Comb through the entries for "nonincreasing" and pull out each line that holds it.

-------- INPUT MATERIAL --------

(* Let $L\ge1$ be an integer and $\theta>0$. Let $\Omega=\{0,1\}^I$ for a countable index set $I$, equipped with a product probability measure, and partially ordered coordinatewise. For $t=0,1,\dots,L$ let $S_t:\Omega\to(0,\infty]$ be nonincreasing functions (the SIR of a typical link at time $t$, as a function of the configuration $\omega$ of active interferers), such that $P(S_t>\theta)=1-P_b$ for all $t$, with $P_b\in[0,1)$. Define $$P_{\text{fail}}=1-\frac{P(S_0>\theta,S_1>\theta,\dots,S_L>\theta)}{P(S_0>\theta)},\qquad P_{out}=P_b+(1-P_b)P_{\text{fail}}.$$ Then $P_{out}\le 1-(1-P_b)^{L+1}$.
   Context: CSMA model with energy-harvesting transmitters: a packet occupies $L$ slots; the typical transmitter backs off (with probability $P_b$) if its SIR at time $0$ is at most $\theta$, and otherwise transmits, the transmission failing if the SIR drops to at most $\theta$ at some time $1,\dots,L$. The configuration $\omega$ records which interferers are active at each time, with independent activity indicators (the paper's independence approximation), and since adding active interferers cannot increase the SIR, each $S_t$ is nonincreasing in $\omega$; all SIRs are identically distributed. $P_{out}$ is the outage probability. *)

theory Defs
  imports "HOL-Probability.Probability"
begin

definition bern_prod :: "('i \<Rightarrow> real) \<Rightarrow> ('i \<Rightarrow> bool) measure" where
  "bern_prod p = PiM UNIV (\<lambda>i. measure_pmf (bernoulli_pmf (p i)))"

definition P_fail :: "('i \<Rightarrow> bool) measure \<Rightarrow> (nat \<Rightarrow> ('i \<Rightarrow> bool) \<Rightarrow> ereal) \<Rightarrow> real \<Rightarrow> nat \<Rightarrow> real" where
  "P_fail M S \<theta> L =
     1 - measure M {\<omega> \<in> space M. \<forall>t\<le>L. S t \<omega> > ereal \<theta>}
         / measure M {\<omega> \<in> space M. S 0 \<omega> > ereal \<theta>}"

definition P_out :: "real \<Rightarrow> ('i \<Rightarrow> bool) measure \<Rightarrow> (nat \<Rightarrow> ('i \<Rightarrow> bool) \<Rightarrow> ereal) \<Rightarrow> real \<Rightarrow> nat \<Rightarrow> real" where
  "P_out Pb M S \<theta> L = Pb + (1 - Pb) * P_fail M S \<theta> L"

end

theory Submission
  imports Defs
begin

text \<open>This is the Harris (FKG) inequality for the product of Bernoulli measures: decreasing events
  are positively correlated, hence \<open>P(S\<^sub>0 > \<theta>, \<dots>, S\<^sub>L > \<theta>) \<ge> \<Prod>\<^sub>t P(S\<^sub>t > \<theta>) = (1 - P\<^sub>b)\<^bsup>L+1\<^esup>\<close>,
  which is the claim after unfolding \<open>P\<^sub>o\<^sub>u\<^sub>t\<close>. For bounded decreasing functions of finitely many
  coordinates the inequality follows by induction on the number of coordinates, conditioning on one
  coordinate at a time (Chebyshev's sum inequality for two points). A general measurable event is
  approximated in measure by an event depending on finitely many coordinates \<open>J\<close>; averaging its
  indicator over the coordinates outside \<open>J\<close> yields a decreasing function of the coordinates in
  \<open>J\<close> that is still close to the indicator in \<open>L\<^sup>1\<close>, so the finite case passes to the limit.\<close>

definition merge_on :: "'i set \<Rightarrow> ('i \<Rightarrow> 'a) \<Rightarrow> ('i \<Rightarrow> 'a) \<Rightarrow> 'i \<Rightarrow> 'a" where
  "merge_on J x y = (\<lambda>i. if i \<in> J then x i else y i)"

definition depends_only_on :: "'i set \<Rightarrow> (('i \<Rightarrow> 'a) \<Rightarrow> 'b) \<Rightarrow> bool" where
  "depends_only_on J f \<longleftrightarrow> (\<forall>x y. f (merge_on J x y) = f x)"

lemma merge_on_merge_on_left: "merge_on J (merge_on J x z) y = merge_on J x y"
  by (auto simp: merge_on_def)

lemma merge_on_merge_on_self: "J \<subseteq> K \<Longrightarrow> merge_on J (merge_on K x y) x = x"
  by (auto simp: merge_on_def fun_eq_iff)

lemma merge_on_fun_upd: "(merge_on J x y)(i := b) = merge_on (insert i J) (x(i := b)) y"
  by (auto simp: merge_on_def)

--------

**EXERCISE RESULT:**
(* Let $L\ge1$ be an integer and $\theta>0$. Let $\Omega=\{0,1\}^I$ for a countable index set $I$, equipped with a product probability measure, and partially ordered coordinatewise. For $t=0,1,\dots,L$ let $S_t:\Omega\to(0,\infty]$ be nonincreasing functions (the SIR of a typical link at time $t$, as a function of the configuration $\omega$ of active interferers), such that $P(S_t>\theta)=1-P_b$ for all $t$, with $P_b\in[0,1)$. Define $$P_{\text{fail}}=1-\frac{P(S_0>\theta,S_1>\theta,\dots,S_L>\theta)}{P(S_0>\theta)},\qquad P_{out}=P_b+(1-P_b)P_{\text{fail}}.$$ Then $P_{out}\le 1-(1-P_b)^{L+1}$.
   Context: CSMA model with energy-harvesting transmitters: a packet occupies $L$ slots; the typical transmitter backs off (with probability $P_b$) if its SIR at time $0$ is at most $\theta$, and otherwise transmits, the transmission failing if the SIR drops to at most $\theta$ at some time $1,\dots,L$. The configuration $\omega$ records which interferers are active at each time, with independent activity indicators (the paper's independence approximation), and since adding active interferers cannot increase the SIR, each $S_t$ is nonincreasing in $\omega$; all SIRs are identically distributed. $P_{out}$ is the outage probability. *)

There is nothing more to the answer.